By adopting a qualified retirement plan, your business will receive a tax deduction for any contributions made to the plan on behalf of your employees. In addition, and in contrast to salary paid to employees, contributions you make to the plan on behalf of your employees will not be subject to Social Security and Medicare taxes. Also, contributions made by you or your employee will not be included in taxable income for your employee for the year and contributions to the plan may be invested and are allowed to grow tax-free.

It is often difficult to compensate hard work performed by you or your employees without incurring significant tax consequences. For example, you could pay yourself an additional $20,000 through a salary increase or bonus. However, in order to provide an additional $20,000, the company will incur a combined $1,530 in Social Security and Medicare tax (assuming your salary is under the $106,800 Social Security wage threshold).

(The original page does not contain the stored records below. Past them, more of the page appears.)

(* Let $\Phi$ be a probabilistic cellular automaton on $\mathcal{A}^{\mathbb{Z}}$ of radius $r$, i.e. with neighborhood $\mathcal{N}\subset[\![-r,r]\!]$. Then the action $\mu\mapsto\Phi\mu$ is $2^r$-Lipschitz on $\mathcal{M}(\mathcal{A}^{\mathbb{Z}})$ for the distance $d_{\mathcal{M}}$, i.e. $d_{\mathcal{M}}(\Phi\mu,\Phi\nu)\le 2^r d_{\mathcal{M}}(\mu,\nu)$ for all $\mu,\nu\in\mathcal{M}(\mathcal{A}^{\mathbb{Z}})$.
   Context: $\mathcal{A}$ is a finite alphabet. A PCA with finite neighborhood $\mathcal{N}\subset\mathbb{Z}$ is given by a stochastic matrix $\varphi:\mathcal{A}^{\mathcal{N}}\times\mathcal{A}\to[0,1]$ (rows summing to $1$); its transition kernel is $\Phi(x,[w]_U)=\prod_{i\in U}\varphi(x_{i+\mathcal{N}},w_i)$ for finite $U\subset\mathbb{Z}$, $w\in\mathcal{A}^U$, and it acts on probability measures by $\Phi\mu(E)=\int\Phi(x,E)\,d\mu(x)$. $\mathcal{M}(\mathcal{A}^{\mathbb{Z}})$ is the set of shift-invariant Borel probability measures on $\mathcal{A}^{\mathbb{Z}}$, and $d_{\mathcal{M}}(\mu,\nu)=\sum_{n\ge0}2^{-n}\|\mu-\nu\|_{[-n,n]}$ with $\|\mu-\nu\|_U=\frac12\sum_{u\in\mathcal{A}^U}|\mu([u])-\nu([u])|$, $[u]$ the cylinder $\{x:x_U=u\}$. *)

theory Defs
  imports "HOL-Probability.Probability"
begin

text \<open>Configuration space A^Z with its product (= Borel) sigma-algebra.\<close>
definition config_space :: "(int \<Rightarrow> 'a) measure" where
  "config_space = PiM UNIV (\<lambda>_::int. count_space (UNIV::'a set))"

definition cyl :: "int set \<Rightarrow> (int \<Rightarrow> 'a) \<Rightarrow> (int \<Rightarrow> 'a) set" where
  "cyl U u = {x. \<forall>i\<in>U. x i = u i}"

definition shift :: "(int \<Rightarrow> 'a) \<Rightarrow> (int \<Rightarrow> 'a)" where
  "shift x = (\<lambda>i. x (i + 1))"

definition shift_inv_measures :: "(int \<Rightarrow> 'a) measure set" where
  "shift_inv_measures = {\<mu>. sets \<mu> = sets config_space \<and> prob_space \<mu>
                              \<and> distr \<mu> config_space shift = \<mu>}"

text \<open>Stochastic matrix phi : A^N x A -> [0,1]; patterns in A^N are
  extensional functions on N.\<close>
definition stochastic :: "int set \<Rightarrow> ((int \<Rightarrow> 'a::finite) \<Rightarrow> 'a \<Rightarrow> real) \<Rightarrow> bool" where
  "stochastic N \<phi> \<longleftrightarrow> (\<forall>u \<in> PiE N (\<lambda>_. UNIV).
       (\<forall>a. 0 \<le> \<phi> u a \<and> \<phi> u a \<le> 1) \<and> (\<Sum>a\<in>UNIV. \<phi> u a) = 1)"

definition local_pattern :: "int set \<Rightarrow> (int \<Rightarrow> 'a) \<Rightarrow> int \<Rightarrow> (int \<Rightarrow> 'a)" where
  "local_pattern N x i = (\<lambda>j\<in>N. x (i + j))"

text \<open>Transition kernel Phi(x, .): product over i of the law phi(x_{i+N}, .),
  so that Phi(x,[w]_U) = prod_{i in U} phi(x_{i+N}, w_i).\<close>
definition pca_kernel :: "int set \<Rightarrow> ((int \<Rightarrow> 'a::finite) \<Rightarrow> 'a \<Rightarrow> real)
                          \<Rightarrow> (int \<Rightarrow> 'a) \<Rightarrow> (int \<Rightarrow> 'a) measure" where
  "pca_kernel N \<phi> x = PiM UNIV (\<lambda>i::int. point_measure (UNIV::'a set)
                          (\<lambda>a. ennreal (\<phi> (local_pattern N x i) a)))"

definition pca_act :: "int set \<Rightarrow> ((int \<Rightarrow> 'a::finite) \<Rightarrow> 'a \<Rightarrow> real)
                       \<Rightarrow> (int \<Rightarrow> 'a) measure \<Rightarrow> (int \<Rightarrow> 'a) measure" where
  "pca_act N \<phi> \<mu> = \<mu> \<bind> pca_kernel N \<phi>"

definition cyl_dist :: "int set \<Rightarrow> (int \<Rightarrow> 'a::finite) measure \<Rightarrow> (int \<Rightarrow> 'a) measure \<Rightarrow> real" where
  "cyl_dist U \<mu> \<nu> = (1/2) * (\<Sum>u\<in>PiE U (\<lambda>_. UNIV).
        \<bar>measure \<mu> (cyl U u) - measure \<nu> (cyl U u)\<bar>)"

definition dM :: "(int \<Rightarrow> 'a::finite) measure \<Rightarrow> (int \<Rightarrow> 'a) measure \<Rightarrow> real" where
  "dM \<mu> \<nu> = (\<Sum>n::nat. (1/2)^n * cyl_dist {- int n..int n} \<mu> \<nu>)"

end

theory Submission imports Defs begin

(* The probability (Phi mu)[w]_U is the mu-average of Phi(x,[w]_U), which depends only on
   x restricted to V = U + N. Hence the vector ((Phi mu)[w]_U)_w is the image of the vector
   (mu[v]_V)_v under a stochastic matrix, and stochastic matrices do not increase the
   l1-distance: ||Phi mu - Phi nu||_[-n,n] <= ||mu - nu||_[-n-r,n+r]. Shifting the index
   of the series defining d_M by r costs the factor 2^r. *)

definition depends_only_on :: "'i set \<Rightarrow> (('i \<Rightarrow> 'a) \<Rightarrow> 'b) \<Rightarrow> bool" where
  "depends_only_on V f \<longleftrightarrow> (\<forall>x y. (\<forall>j\<in>V. x j = y j) \<longrightarrow> f x = f y)"

definition transition_prob :: "int set \<Rightarrow> ((int \<Rightarrow> 'a) \<Rightarrow> 'a \<Rightarrow> real)
                               \<Rightarrow> int set \<Rightarrow> (int \<Rightarrow> 'a) \<Rightarrow> (int \<Rightarrow> 'a) \<Rightarrow> real" where
  "transition_prob N \<phi> U x w = (\<Prod>i\<in>U. \<phi> (local_pattern N x i) (w i))"

lemma space_config_space: "space config_space = UNIV"
  unfolding config_space_def by (auto simp: space_PiM PiE_def extensional_def)

lemma space_eq_UNIV_if_sets_config_space: "sets \<mu> = sets config_space \<Longrightarrow> space \<mu> = UNIV"
  using sets_eq_imp_space_eq space_config_space by metis

lemma cyl_eq_prod_emb:
  assumes "\<And>i. space (M i) = UNIV"
  shows "cyl V v = prod_emb UNIV M V (PiE V (\<lambda>i. {v i}))"
  by (auto simp: prod_emb_def cyl_def assms PiE_def extensional_def restrict_def Pi_iff)

lemma cyl_in_sets_config_space: "finite V \<Longrightarrow> cyl V v \<in> sets config_space"
  unfolding cyl_eq_prod_emb[of "\<lambda>_. count_space UNIV", simplified] config_space_def
  by (intro sets_PiM_I) auto

lemma sum_indicator_cyl:
  fixes f :: "(int \<Rightarrow> 'a::finite) \<Rightarrow> 'b::semiring_1"
  assumes "finite V" and "depends_only_on V f"
  shows "(\<Sum>v\<in>PiE V (\<lambda>_. UNIV). f v * indicator (cyl V v) x) = f x"
proof -
  have "x \<in> cyl V v \<longleftrightarrow> v = restrict x V" if "v \<in> PiE V (\<lambda>_. UNIV)" for v
    using that by (auto simp: cyl_def PiE_def extensional_def fun_eq_iff)
  then have "(\<Sum>v\<in>PiE V (\<lambda>_. UNIV). f v * indicator (cyl V v) x)
      = (\<Sum>v\<in>PiE V (\<lambda>_. UNIV). if v = restrict x V then f v else 0)"
    by (intro sum.cong) (auto simp: indicator_def)
  also have "\<dots> = f (restrict x V)"
    using \<open>finite V\<close> by (subst sum.delta) (auto intro: finite_PiE)
  also have "\<dots> = f x"
    using assms(2) by (auto simp: depends_only_on_def)
  finally show ?thesis .
qed

lemma borel_measurable_depends_only_on:
  fixes f :: "(int \<Rightarrow> 'a::finite) \<Rightarrow> ennreal"
  assumes "finite V" and "depends_only_on V f"
  shows "f \<in> borel_measurable config_space"
proof -
  have "(\<lambda>x. \<Sum>v\<in>PiE V (\<lambda>_. UNIV). f v * indicator (cyl V v) x) \<in> borel_measurable config_space"
    using cyl_in_sets_config_space[OF \<open>finite V\<close>]
    by (intro borel_measurable_sum borel_measurable_times_ennreal borel_measurable_indicator) simp_all
  then show ?thesis
    by (simp only: sum_indicator_cyl[OF assms])
qed

lemma nn_integral_depends_only_on:
  fixes f :: "(int \<Rightarrow> 'a::finite) \<Rightarrow> ennreal"
  assumes "sets \<mu> = sets config_space" and "finite V" and "depends_only_on V f"
  shows "(\<integral>\<^sup>+x. f x \<partial>\<mu>) = (\<Sum>v\<in>PiE V (\<lambda>_. UNIV). f v * emeasure \<mu> (cyl V v))"
proof -
  have cyl: "cyl V v \<in> sets \<mu>" for v
    using cyl_in_sets_config_space[OF \<open>finite V\<close>] assms(1) by simp
  have "(\<integral>\<^sup>+x. f x \<partial>\<mu>) = (\<integral>\<^sup>+x. (\<Sum>v\<in>PiE V (\<lambda>_. UNIV). f v * indicator (cyl V v) x) \<partial>\<mu>)"
    by (simp only: sum_indicator_cyl[OF assms(2,3)])
  also have "\<dots> = (\<Sum>v\<in>PiE V (\<lambda>_. UNIV). f v * emeasure \<mu> (cyl V v))"
    using cyl by (simp add: nn_integral_sum nn_integral_cmult_indicator)
  finally show ?thesis .
qed

lemma sum_measure_cyl:
  fixes \<mu> :: "(int \<Rightarrow> 'a::finite) measure"
  assumes "sets \<mu> = sets config_space" and "prob_space \<mu>" and "finite V"
  shows "(\<Sum>v\<in>PiE V (\<lambda>_. UNIV). measure \<mu> (cyl V v)) = 1"
proof -
  interpret prob_space \<mu> by fact
  have "ennreal (\<Sum>v\<in>PiE V (\<lambda>_. UNIV). measure \<mu> (cyl V v)) = (\<integral>\<^sup>+x. 1 \<partial>\<mu>)"
    using nn_integral_depends_only_on[OF assms(1,3), of "\<lambda>_. 1"]
    by (simp add: depends_only_on_def emeasure_eq_measure)
  then show ?thesis
    by (simp add: emeasure_space_1)
qed

lemma local_pattern_in_PiE [simp]: "local_pattern N x i \<in> PiE N (\<lambda>_. UNIV)"
  unfolding local_pattern_def by simp

lemma local_pattern_cong:
  "(\<And>j. j \<in> N \<Longrightarrow> x (i + j) = y (i + j)) \<Longrightarrow> local_pattern N x i = local_pattern N y i"
  unfolding local_pattern_def by (intro restrict_ext) auto

lemma stochastic_nonneg: "stochastic N \<phi> \<Longrightarrow> 0 \<le> \<phi> (local_pattern N x i) a"
  unfolding stochastic_def by simp

lemma stochastic_sum_eq_1: "stochastic N \<phi> \<Longrightarrow> (\<Sum>a\<in>UNIV. \<phi> (local_pattern N x i) a) = 1"
  unfolding stochastic_def by simp

lemma transition_prob_nonneg: "stochastic N \<phi> \<Longrightarrow> 0 \<le> transition_prob N \<phi> U x w"
  unfolding transition_prob_def by (intro prod_nonneg) (simp add: stochastic_nonneg)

In addition, the payment would be subject to a combined $1,130 in Social Security and Medicare taxes to you and would also result in an additional $6,000 in federal and state income taxes (assuming a combined rate of 30 percent). As a result, from the $21,530 cost incurred by the company, you will receive just $12,870 in take-home pay. In contrast, you could contribute $20,000 to your qualified plan with no immediate tax consequences to your business or yourself. That same $20,000 contribution would also earn interest or gains from investments on a tax-free basis.

In addition to the significant tax savings provided to retirement plans due to the effects of compounding small, regular contributions to a qualified retirement plan can provide you and your employees an opportunity for significant wealth accumulation that can provide peace of mind and income security for the entirety of your retirement.